BRIEF
Whenever a line below includes the word "assumes", copy that line.

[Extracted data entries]
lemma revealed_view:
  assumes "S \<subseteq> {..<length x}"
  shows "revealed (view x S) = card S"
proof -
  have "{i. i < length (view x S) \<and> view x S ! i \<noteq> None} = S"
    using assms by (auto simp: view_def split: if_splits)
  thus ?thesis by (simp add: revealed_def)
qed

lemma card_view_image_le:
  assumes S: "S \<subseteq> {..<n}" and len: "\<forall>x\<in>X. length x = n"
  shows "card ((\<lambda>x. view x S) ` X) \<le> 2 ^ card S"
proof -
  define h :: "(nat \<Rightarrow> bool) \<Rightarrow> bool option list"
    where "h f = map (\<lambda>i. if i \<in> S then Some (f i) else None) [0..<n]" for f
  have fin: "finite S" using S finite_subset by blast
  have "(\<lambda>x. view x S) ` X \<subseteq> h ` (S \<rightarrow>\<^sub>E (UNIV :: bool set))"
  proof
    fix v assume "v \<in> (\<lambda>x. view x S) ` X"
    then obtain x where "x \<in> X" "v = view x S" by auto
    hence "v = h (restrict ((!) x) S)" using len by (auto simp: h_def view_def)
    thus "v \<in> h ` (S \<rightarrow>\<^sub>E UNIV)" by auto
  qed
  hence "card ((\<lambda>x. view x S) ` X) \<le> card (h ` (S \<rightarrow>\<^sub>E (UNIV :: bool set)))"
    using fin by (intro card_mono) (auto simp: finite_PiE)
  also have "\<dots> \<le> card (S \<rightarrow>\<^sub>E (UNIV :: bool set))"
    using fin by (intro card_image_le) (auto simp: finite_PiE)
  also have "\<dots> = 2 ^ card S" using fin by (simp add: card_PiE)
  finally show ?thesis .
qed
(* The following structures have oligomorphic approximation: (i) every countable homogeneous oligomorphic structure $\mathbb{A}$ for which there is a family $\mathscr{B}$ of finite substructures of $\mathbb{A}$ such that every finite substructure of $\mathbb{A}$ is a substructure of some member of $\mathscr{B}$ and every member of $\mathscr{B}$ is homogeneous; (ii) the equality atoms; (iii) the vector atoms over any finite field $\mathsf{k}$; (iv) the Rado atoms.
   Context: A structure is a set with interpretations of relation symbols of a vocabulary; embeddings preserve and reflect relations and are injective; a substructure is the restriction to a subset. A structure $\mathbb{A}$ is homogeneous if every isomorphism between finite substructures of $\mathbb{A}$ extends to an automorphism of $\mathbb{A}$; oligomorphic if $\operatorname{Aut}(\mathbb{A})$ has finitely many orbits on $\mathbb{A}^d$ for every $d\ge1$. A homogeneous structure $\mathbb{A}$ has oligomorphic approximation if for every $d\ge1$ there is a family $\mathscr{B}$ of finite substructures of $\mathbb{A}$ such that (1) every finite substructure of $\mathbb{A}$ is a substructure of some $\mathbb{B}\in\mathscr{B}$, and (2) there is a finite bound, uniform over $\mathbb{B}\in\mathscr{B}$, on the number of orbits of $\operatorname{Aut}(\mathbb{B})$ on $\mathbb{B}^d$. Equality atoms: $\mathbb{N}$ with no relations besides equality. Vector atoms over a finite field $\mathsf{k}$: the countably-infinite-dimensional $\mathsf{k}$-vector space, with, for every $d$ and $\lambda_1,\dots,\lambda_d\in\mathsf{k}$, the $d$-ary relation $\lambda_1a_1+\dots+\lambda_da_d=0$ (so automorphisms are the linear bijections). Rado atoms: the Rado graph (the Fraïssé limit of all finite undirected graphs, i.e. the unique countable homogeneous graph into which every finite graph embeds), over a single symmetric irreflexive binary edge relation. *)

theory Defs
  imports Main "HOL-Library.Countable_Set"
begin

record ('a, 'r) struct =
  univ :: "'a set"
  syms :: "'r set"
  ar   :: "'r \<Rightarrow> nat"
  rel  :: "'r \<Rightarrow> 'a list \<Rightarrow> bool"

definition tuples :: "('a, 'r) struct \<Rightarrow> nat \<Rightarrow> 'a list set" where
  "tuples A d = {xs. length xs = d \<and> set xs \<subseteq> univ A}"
* * *
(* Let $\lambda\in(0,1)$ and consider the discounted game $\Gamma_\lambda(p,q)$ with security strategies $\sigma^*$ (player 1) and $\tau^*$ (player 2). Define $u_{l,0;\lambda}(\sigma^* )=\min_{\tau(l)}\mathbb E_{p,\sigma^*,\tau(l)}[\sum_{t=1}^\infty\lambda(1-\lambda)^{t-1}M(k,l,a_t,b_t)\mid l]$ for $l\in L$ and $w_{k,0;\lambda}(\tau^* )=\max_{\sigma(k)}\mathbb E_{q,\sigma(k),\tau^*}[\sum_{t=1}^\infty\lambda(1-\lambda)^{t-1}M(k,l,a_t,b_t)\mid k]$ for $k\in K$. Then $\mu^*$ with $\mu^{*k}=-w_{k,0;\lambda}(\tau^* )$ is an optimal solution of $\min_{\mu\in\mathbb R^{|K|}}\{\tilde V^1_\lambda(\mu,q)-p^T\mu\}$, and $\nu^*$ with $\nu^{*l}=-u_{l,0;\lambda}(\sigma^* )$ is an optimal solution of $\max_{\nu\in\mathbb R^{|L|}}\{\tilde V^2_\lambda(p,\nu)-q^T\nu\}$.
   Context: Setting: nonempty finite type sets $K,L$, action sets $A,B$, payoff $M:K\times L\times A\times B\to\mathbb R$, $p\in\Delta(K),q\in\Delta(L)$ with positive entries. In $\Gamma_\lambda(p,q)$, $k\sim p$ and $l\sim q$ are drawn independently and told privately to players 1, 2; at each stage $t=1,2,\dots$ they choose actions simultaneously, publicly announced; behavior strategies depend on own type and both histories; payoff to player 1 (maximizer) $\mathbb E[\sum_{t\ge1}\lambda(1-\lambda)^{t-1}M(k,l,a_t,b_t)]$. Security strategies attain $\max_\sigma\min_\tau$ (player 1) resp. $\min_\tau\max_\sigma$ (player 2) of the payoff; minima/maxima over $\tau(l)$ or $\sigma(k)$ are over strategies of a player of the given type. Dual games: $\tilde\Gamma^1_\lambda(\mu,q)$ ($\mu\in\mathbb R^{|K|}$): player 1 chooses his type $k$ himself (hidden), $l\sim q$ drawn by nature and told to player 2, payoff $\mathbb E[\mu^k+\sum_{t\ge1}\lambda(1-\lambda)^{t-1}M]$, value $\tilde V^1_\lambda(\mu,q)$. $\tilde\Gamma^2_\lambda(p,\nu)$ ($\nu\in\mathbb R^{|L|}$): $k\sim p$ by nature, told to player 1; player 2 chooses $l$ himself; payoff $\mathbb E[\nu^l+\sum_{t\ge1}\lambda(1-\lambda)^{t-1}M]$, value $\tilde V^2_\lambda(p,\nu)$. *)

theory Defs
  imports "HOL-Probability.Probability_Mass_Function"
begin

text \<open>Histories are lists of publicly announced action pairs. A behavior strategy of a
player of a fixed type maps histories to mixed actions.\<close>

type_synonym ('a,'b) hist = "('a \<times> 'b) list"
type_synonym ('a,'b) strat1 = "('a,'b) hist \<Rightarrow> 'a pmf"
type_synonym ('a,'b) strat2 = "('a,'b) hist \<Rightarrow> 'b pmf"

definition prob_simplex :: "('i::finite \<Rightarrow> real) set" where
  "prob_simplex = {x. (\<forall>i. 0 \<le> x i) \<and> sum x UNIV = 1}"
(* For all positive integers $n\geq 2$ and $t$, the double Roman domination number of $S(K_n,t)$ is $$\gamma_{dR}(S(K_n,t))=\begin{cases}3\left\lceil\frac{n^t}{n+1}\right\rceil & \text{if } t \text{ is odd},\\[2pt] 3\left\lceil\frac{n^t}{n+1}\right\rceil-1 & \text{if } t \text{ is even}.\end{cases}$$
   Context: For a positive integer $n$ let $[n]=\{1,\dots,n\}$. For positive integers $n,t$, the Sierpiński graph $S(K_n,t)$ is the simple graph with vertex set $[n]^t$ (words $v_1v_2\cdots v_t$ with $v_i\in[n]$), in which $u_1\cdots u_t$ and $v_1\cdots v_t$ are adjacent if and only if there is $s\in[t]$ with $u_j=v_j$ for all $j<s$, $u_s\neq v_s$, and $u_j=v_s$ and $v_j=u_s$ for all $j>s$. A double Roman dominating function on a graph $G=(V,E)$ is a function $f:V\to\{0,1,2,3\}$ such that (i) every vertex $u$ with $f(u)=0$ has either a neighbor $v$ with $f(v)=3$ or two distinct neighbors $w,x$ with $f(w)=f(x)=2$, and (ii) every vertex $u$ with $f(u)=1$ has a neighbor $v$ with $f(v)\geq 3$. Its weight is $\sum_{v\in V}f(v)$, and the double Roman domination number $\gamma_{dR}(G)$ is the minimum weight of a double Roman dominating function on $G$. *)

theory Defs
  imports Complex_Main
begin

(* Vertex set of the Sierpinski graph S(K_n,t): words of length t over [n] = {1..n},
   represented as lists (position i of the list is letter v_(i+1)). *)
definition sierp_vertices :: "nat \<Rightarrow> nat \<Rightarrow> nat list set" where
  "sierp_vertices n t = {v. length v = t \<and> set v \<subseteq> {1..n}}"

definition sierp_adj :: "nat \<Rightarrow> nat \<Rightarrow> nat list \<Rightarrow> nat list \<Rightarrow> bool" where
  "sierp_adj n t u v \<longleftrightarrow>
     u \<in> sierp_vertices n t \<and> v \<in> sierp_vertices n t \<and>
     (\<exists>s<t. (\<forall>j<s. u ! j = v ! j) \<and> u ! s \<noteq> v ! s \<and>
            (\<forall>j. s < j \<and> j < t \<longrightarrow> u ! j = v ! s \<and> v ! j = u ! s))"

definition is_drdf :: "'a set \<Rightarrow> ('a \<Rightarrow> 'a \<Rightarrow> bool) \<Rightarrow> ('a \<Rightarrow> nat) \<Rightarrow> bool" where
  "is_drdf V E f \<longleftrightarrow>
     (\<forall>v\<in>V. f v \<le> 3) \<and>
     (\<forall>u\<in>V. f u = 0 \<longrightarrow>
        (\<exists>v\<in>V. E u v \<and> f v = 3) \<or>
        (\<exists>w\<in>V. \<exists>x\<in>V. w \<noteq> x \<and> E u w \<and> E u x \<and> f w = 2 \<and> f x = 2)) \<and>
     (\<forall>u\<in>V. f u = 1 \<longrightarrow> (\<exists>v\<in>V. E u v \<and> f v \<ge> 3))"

RESULT OF THE EXERCISE
  assumes "S \<subseteq> {..<length x}"
  assumes S: "S \<subseteq> {..<n}" and len: "\<forall>x\<in>X. length x = n"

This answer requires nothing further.